Collected data entries
(* Let $T$ be a complete countable theory and suppose the formula $\varphi(\bar x;\bar y)$ has the independence property for $T$. Then there are a countable model $M\models T$ and a sequence $\langle \bar b_n : n<\omega\rangle$ of tuples from $M$ with $\ell(\bar b_n)=\ell(\bar y)$ such that: (i) $\varphi$ has the independence property over this sequence, i.e. for all finite disjoint $A,B\subseteq\omega$, $M\models\exists\bar x\,\big(\bigwedge_{n\in A}\varphi(\bar x,\bar b_n)\wedge\bigwedge_{n\in B}\neg\varphi(\bar x,\bar b_n)\big)$; and (ii) for every $\bar a\in{}^{\ell(\bar x)}M$ there is a truth value $\mathbf{t}\in\{0,1\}$ such that for all but finitely many $n$, $M\models\varphi[\bar a,\bar b_n]^{\mathbf t}$.
   Context: For a formula $\psi$, $\psi^1$ denotes $\psi$ and $\psi^0$ denotes $\neg\psi$. *)

theory Defs
  imports Main "HOL-Library.Countable" "HOL-Library.Countable_Set"
begin

datatype 'f trm = Var nat | Fn 'f "'f trm list"

datatype ('f, 'r) fm =
    FF
  | Eq "'f trm" "'f trm"
  | Rel 'r "'f trm list"
  | Neg "('f, 'r) fm"
  | Conj "('f, 'r) fm" "('f, 'r) fm"
  | Ex nat "('f, 'r) fm"

fun wf_trm :: "('f \<Rightarrow> nat) \<Rightarrow> 'f trm \<Rightarrow> bool" where
  "wf_trm fa (Var n) = True"
| "wf_trm fa (Fn f ts) = (length ts = fa f \<and> (\<forall>t\<in>set ts. wf_trm fa t))"

fun wf_fm :: "('f \<Rightarrow> nat) \<Rightarrow> ('r \<Rightarrow> nat) \<Rightarrow> ('f, 'r) fm \<Rightarrow> bool" where
  "wf_fm fa ra FF = True"
| "wf_fm fa ra (Eq s t) = (wf_trm fa s \<and> wf_trm fa t)"
| "wf_fm fa ra (Rel r ts) = (length ts = ra r \<and> (\<forall>t\<in>set ts. wf_trm fa t))"
| "wf_fm fa ra (Neg p) = wf_fm fa ra p"
| "wf_fm fa ra (Conj p q) = (wf_fm fa ra p \<and> wf_fm fa ra q)"
| "wf_fm fa ra (Ex x p) = wf_fm fa ra p"

fun fv_trm :: "'f trm \<Rightarrow> nat set" where
  "fv_trm (Var n) = {n}"
| "fv_trm (Fn f ts) = (\<Union>t\<in>set ts. fv_trm t)"

fun fv :: "('f, 'r) fm \<Rightarrow> nat set" where
  "fv FF = {}"
| "fv (Eq s t) = fv_trm s \<union> fv_trm t"
| "fv (Rel r ts) = (\<Union>t\<in>set ts. fv_trm t)"
| "fv (Neg p) = fv p"
| "fv (Conj p q) = fv p \<union> fv q"
| "fv (Ex x p) = fv p - {x}"

definition sentence :: "('f \<Rightarrow> nat) \<Rightarrow> ('r \<Rightarrow> nat) \<Rightarrow> ('f, 'r) fm \<Rightarrow> bool" where
  "sentence fa ra p \<longleftrightarrow> wf_fm fa ra p \<and> fv p = {}"

record ('f, 'r, 'a) struct =
  univ :: "'a set"
  fint :: "'f \<Rightarrow> 'a list \<Rightarrow> 'a"
  rint :: "'r \<Rightarrow> 'a list \<Rightarrow> bool"

definition is_struct :: "('f \<Rightarrow> nat) \<Rightarrow> ('f, 'r, 'a) struct \<Rightarrow> bool" where
  "is_struct fa M \<longleftrightarrow> univ M \<noteq> {} \<and>
     (\<forall>f as. length as = fa f \<and> set as \<subseteq> univ M \<longrightarrow> fint M f as \<in> univ M)"

fun eval :: "('f, 'r, 'a) struct \<Rightarrow> (nat \<Rightarrow> 'a) \<Rightarrow> 'f trm \<Rightarrow> 'a" where
  "eval M e (Var n) = e n"
| "eval M e (Fn f ts) = fint M f (map (eval M e) ts)"

fun sat :: "('f, 'r, 'a) struct \<Rightarrow> (nat \<Rightarrow> 'a) \<Rightarrow> ('f, 'r) fm \<Rightarrow> bool" where
  "sat M e FF = False"
| "sat M e (Eq s t) = (eval M e s = eval M e t)"
| "sat M e (Rel r ts) = rint M r (map (eval M e) ts)"
| "sat M e (Neg p) = (\<not> sat M e p)"
| "sat M e (Conj p q) = (sat M e p \<and> sat M e q)"
| "sat M e (Ex x p) = (\<exists>d\<in>univ M. sat M (e(x := d)) p)"

definition is_model :: "('f \<Rightarrow> nat) \<Rightarrow> ('f, 'r) fm set \<Rightarrow> ('f, 'r, 'a) struct \<Rightarrow> bool" where
  "is_model fa T M \<longleftrightarrow> is_struct fa M \<and>
     (\<forall>p\<in>T. \<forall>e. range e \<subseteq> univ M \<longrightarrow> sat M e p)"

fun upd_list :: "(nat \<Rightarrow> 'a) \<Rightarrow> nat list \<Rightarrow> 'a list \<Rightarrow> (nat \<Rightarrow> 'a)" where
  "upd_list e (v # vs) (a # as) = (upd_list e vs as)(v := a)"
| "upd_list e _ _ = e"

text \<open>M satisfies phi[a, b], where phi = phi(xs; ys), a is assigned to xs and b to ys
  (the remaining variables, which do not occur free in phi, get some element of M).\<close>
definition holds ::
  "('f, 'r, 'a) struct \<Rightarrow> ('f, 'r) fm \<Rightarrow> nat list \<Rightarrow> nat list \<Rightarrow> 'a list \<Rightarrow> 'a list \<Rightarrow> bool" where
  "holds M p xs ys a b =
     sat M (upd_list (upd_list (\<lambda>_. SOME d. d \<in> univ M) ys b) xs a) p"

definition fm_pow :: "('f, 'r) fm \<Rightarrow> nat \<Rightarrow> ('f, 'r) fm" where
  "fm_pow p t = (if t = 1 then p else Neg p)"

definition tuple_in :: "('f, 'r, 'a) struct \<Rightarrow> nat \<Rightarrow> 'a list \<Rightarrow> bool" where
  "tuple_in M n a \<longleftrightarrow> length a = n \<and> set a \<subseteq> univ M"

text \<open>phi(xs; ys) has the independence property in M (finitary formulation):
  for every n there are b_0..b_{n-1} such that every subset of {0..n-1} is cut out
  by some a.\<close>
definition has_IP_in ::
  "('f, 'r, 'a) struct \<Rightarrow> ('f, 'r) fm \<Rightarrow> nat list \<Rightarrow> nat list \<Rightarrow> bool" where
  "has_IP_in M p xs ys \<longleftrightarrow>
     (\<forall>n. \<exists>b :: nat \<Rightarrow> 'a list. (\<forall>i<n. tuple_in M (length ys) (b i)) \<and>
        (\<forall>S \<subseteq> {..<n}. \<exists>a. tuple_in M (length xs) a \<and>
            (\<forall>i<n. holds M p xs ys a (b i) \<longleftrightarrow> i \<in> S)))"

end
text \<open>For a multirectangle M, a point x and a set S of coordinates, the points x - \<delta> e_S
  (\<delta> \<rightarrow> 0+) either eventually lie in M or eventually do not. The alternating count
  w_M(x) = \<Sum>_S (-1)^(d - |S|) [x - \<delta> e_S eventually in M] is therefore additive on disjoint
  multirectangles. It vanishes unless every coordinate of x is a corner coordinate of M, so it is
  a finitely supported function on words of length d. For a box [a, a + t) it is the signed
  indicator of the 2^d corners, and multilinearity of \<otimes>, applied one slot at a time, collapses
  the corresponding signed sum of pure tensors to t_1 \<otimes> ... \<otimes> t_d. The class of w_M is thus a
  volume. Uniqueness: the corner coordinates of the rectangles forming M cut it into finitely
  many disjoint grid cells, each of them a rectangle.\<close>

instance tensor :: comm_monoid_add
proof
  fix a b c :: tensor
  show "a + b + c = a + (b + c)"
    by (induct a rule: tensor.abs_induct, induct b rule: tensor.abs_induct, induct c rule: tensor.abs_induct)
       (simp add: plus_tensor.abs_eq add.assoc)
  show "a + b = b + a"
    by (induct a rule: tensor.abs_induct, induct b rule: tensor.abs_induct)
       (simp add: plus_tensor.abs_eq add.commute)
  show "0 + a = a"
    by (induct a rule: tensor.abs_induct) (simp add: plus_tensor.abs_eq zero_tensor.abs_eq)
qed

lemma tensor_add_self_eq_zero: "(x::tensor) + x = x \<Longrightarrow> x = 0"
proof (induction x rule: tensor.abs_induct)
  case (1 p)
  then have "p + p - p \<in> tensor_rel"
    by (simp add: plus_tensor.abs_eq tensor.abs_eq_iff tensor_equiv_def)
  then show ?case
    by (simp add: zero_tensor.abs_eq tensor.abs_eq_iff tensor_equiv_def)
qed

lemma tensor_rel_sum: "(\<And>i. i \<in> I \<Longrightarrow> f i \<in> tensor_rel) \<Longrightarrow> sum f I \<in> tensor_rel"
  by (induction I rule: infinite_finite_induct) (simp_all add: tensor_rel.zero tensor_rel.plus)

# THE PROBLEM
All that the answer may hold is the lines from the one with "indicator of the" through the end of the data, set down exactly as they appear.

# PROBLEM SOLUTION
  indicator of the 2^d corners, and multilinearity of \<otimes>, applied one slot at a time, collapses
  the corresponding signed sum of pure tensors to t_1 \<otimes> ... \<otimes> t_d. The class of w_M is thus a
  volume. Uniqueness: the corner coordinates of the rectangles forming M cut it into finitely
  many disjoint grid cells, each of them a rectangle.\<close>

instance tensor :: comm_monoid_add
proof
  fix a b c :: tensor
  show "a + b + c = a + (b + c)"
    by (induct a rule: tensor.abs_induct, induct b rule: tensor.abs_induct, induct c rule: tensor.abs_induct)
       (simp add: plus_tensor.abs_eq add.assoc)
  show "a + b = b + a"
    by (induct a rule: tensor.abs_induct, induct b rule: tensor.abs_induct)
       (simp add: plus_tensor.abs_eq add.commute)
  show "0 + a = a"
    by (induct a rule: tensor.abs_induct) (simp add: plus_tensor.abs_eq zero_tensor.abs_eq)
qed

lemma tensor_add_self_eq_zero: "(x::tensor) + x = x \<Longrightarrow> x = 0"
proof (induction x rule: tensor.abs_induct)
  case (1 p)
  then have "p + p - p \<in> tensor_rel"
    by (simp add: plus_tensor.abs_eq tensor.abs_eq_iff tensor_equiv_def)
  then show ?case
    by (simp add: zero_tensor.abs_eq tensor.abs_eq_iff tensor_equiv_def)
qed

lemma tensor_rel_sum: "(\<And>i. i \<in> I \<Longrightarrow> f i \<in> tensor_rel) \<Longrightarrow> sum f I \<in> tensor_rel"
  by (induction I rule: infinite_finite_induct) (simp_all add: tensor_rel.zero tensor_rel.plus)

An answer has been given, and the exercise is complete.